13 марта 1920 года, середина дня, Феодосия

   …Нам дали вдоволь хлеба и щедро налили борща, сваренного на мясном бульоне. Кое-кому повезло: под капустными полосками они обнаруживали бусинки сала.
   Наш пароход, загаженный и завшивленный, с радостью освобождался от людей. Те, кто уже добрались до дивизионного пункта питания и получили свою порцию счастья, сквозь дрему глядели на толпы выгружающихся. Офицерский батальон 2-го Корниловского ударного полка выстроился в две линии у воротец, отделявших от улицы просторный, высокими стенами огороженный двор. Между шеренгами корниловцев текли к «загону» военные люди непонятной принадлежности. То ли высокоштабные властители армии, то ли дезертиры, удравшие из частей, то ли ненавистные интенданты, то ли вовсе случайный люд, вымоливший в Новороссийске местечко на пароходе. Большинство посрывало погоны еще в кубанских грязях, отчаявшись спастись с боевыми частями. Из «загона» раздавались крики: «Как вы смеете… мои связи… генерал Слащев… племянник адъютанта самого Деникина Антонваныча… будете разжалованы!» – и в ответ флегматичные реплики караульного офицера: «Не велено… не велено… не велено». Обитатели «загона» сумели все-таки разозлить этого долготерпеливца, и я услышал его окрик: «Ма-алчать, бездельники!

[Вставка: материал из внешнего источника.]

(* Let $T(t)$ and $S(t)$ be strongly continuous semigroups on Banach spaces $X$ and $Y$, respectively, and assume that $T(t)$ satisfies the recurrent hypercyclicity criterion. Let $\alpha$ be a uniform crossnorm on the algebraic tensor product $X\otimes Y$, and let $X\tilde{\otimes}_\alpha Y$ denote the completion of $(X\otimes Y,\alpha)$. (a) If $S(t)$ satisfies the hypercyclicity criterion, then the semigroup $T(t)\otimes S(t)$ on $X\tilde{\otimes}_\alpha Y$ satisfies the hypercyclicity criterion. (b) If $S(t)$ satisfies the recurrent hypercyclicity criterion, then the semigroup $T(t)\otimes S(t)$ on $X\tilde{\otimes}_\alpha Y$ satisfies the recurrent hypercyclicity criterion.
   Context: A uniform crossnorm on $X\otimes Y$ is a reasonable crossnorm $\alpha$ (in particular $\alpha(x\otimes y)=\|x\|_X\|y\|_Y$ for $x\in X,y\in Y$) such that for all bounded operators $A$ on $X$ and $B$ on $Y$ the operator $A\otimes B$ is bounded on $(X\otimes Y,\alpha)$ with norm at most $\|A\|\|B\|$. The operator $T(t)\otimes S(t)$ is defined on elementary tensors by $x\otimes y\mapsto T(t)x\otimes S(t)y$ and extended uniquely by continuity to $X\tilde{\otimes}_\alpha Y$; this gives a strongly continuous semigroup. A strongly continuous semigroup $R(t)$ on a (separable) Banach space $Z$ satisfies the hypercyclicity criterion if for all non-empty open subsets $U,V,W\subset Z$ with $0\in W$ there exists $t>0$ with $R(t)U\cap W\neq\emptyset$ and $R(t)W\cap V\neq\emptyset$. It satisfies the recurrent hypercyclicity criterion if for all non-empty open subsets $U,V,W\subset Z$ with $0\in W$ there exists a constant $L\geq 0$ such that every interval $[t,t+L]$ ($t\ge 0$) contains some $s$ with $R(s)U\cap W\neq\emptyset$ and $R(s)W\cap V\neq\emptyset$. *)

theory Defs
  imports "HOL-Analysis.Analysis"
begin

definition strongly_continuous_semigroup :: "(real \<Rightarrow> 'a::banach \<Rightarrow> 'a) \<Rightarrow> bool" where
  "strongly_continuous_semigroup T \<longleftrightarrow>
     (\<forall>t\<ge>0. bounded_linear (T t)) \<and>
     T 0 = id \<and>
     (\<forall>s\<ge>0. \<forall>t\<ge>0. T (s + t) = T s \<circ> T t) \<and>
     (\<forall>x. continuous_on {0..} (\<lambda>t. T t x))"

definition hypercyclicity_criterion :: "(real \<Rightarrow> 'a::banach \<Rightarrow> 'a) \<Rightarrow> bool" where
  "hypercyclicity_criterion R \<longleftrightarrow>
     (\<forall>U V W. open U \<and> U \<noteq> {} \<and> open V \<and> V \<noteq> {} \<and> open W \<and> 0 \<in> W \<longrightarrow>
        (\<exists>t>0. R t ` U \<inter> W \<noteq> {} \<and> R t ` W \<inter> V \<noteq> {}))"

Фронту нужны люди, а вы прохлаждаться затеяли?!» И взрыв благородного негодования в ответ: «Выполняем важнейшее поручение… самого… наисекретнейшие… немедленно телеграфируйте князю Шелешпанскому!»
   Кое-кого из них, через немогунехочунебуду упорные корниловские командиры поставили в строй. Спустя декаду распространились слухи о том, как скоро все они удрали – один за другим…
   От скуки я упросил Вайскопфа позволить мне навестить дальнюю родню. Никакой родни у приват-доцента Денисова в Феодосии не водилось, о чем Вайскопф немедленно догадался. Но отпустил, сопроводив свое позволение особенной шуткой. Недалеко от нас примостился пес, готовый рассматривать в качестве хозяина хоть весь полк, лишь бы весь полк позволял ему долизывать остатки борща. Бедная собака до того отощала, что, услышав непривычно крепкие остзейские загибы, моментально упала в обморок. О чем он только думает, этот Вайскопф! Меня мускулистый приморский ветер сдувает с тротуара, а у него на уме наиболее конструктивные способы приобретения сифилиса.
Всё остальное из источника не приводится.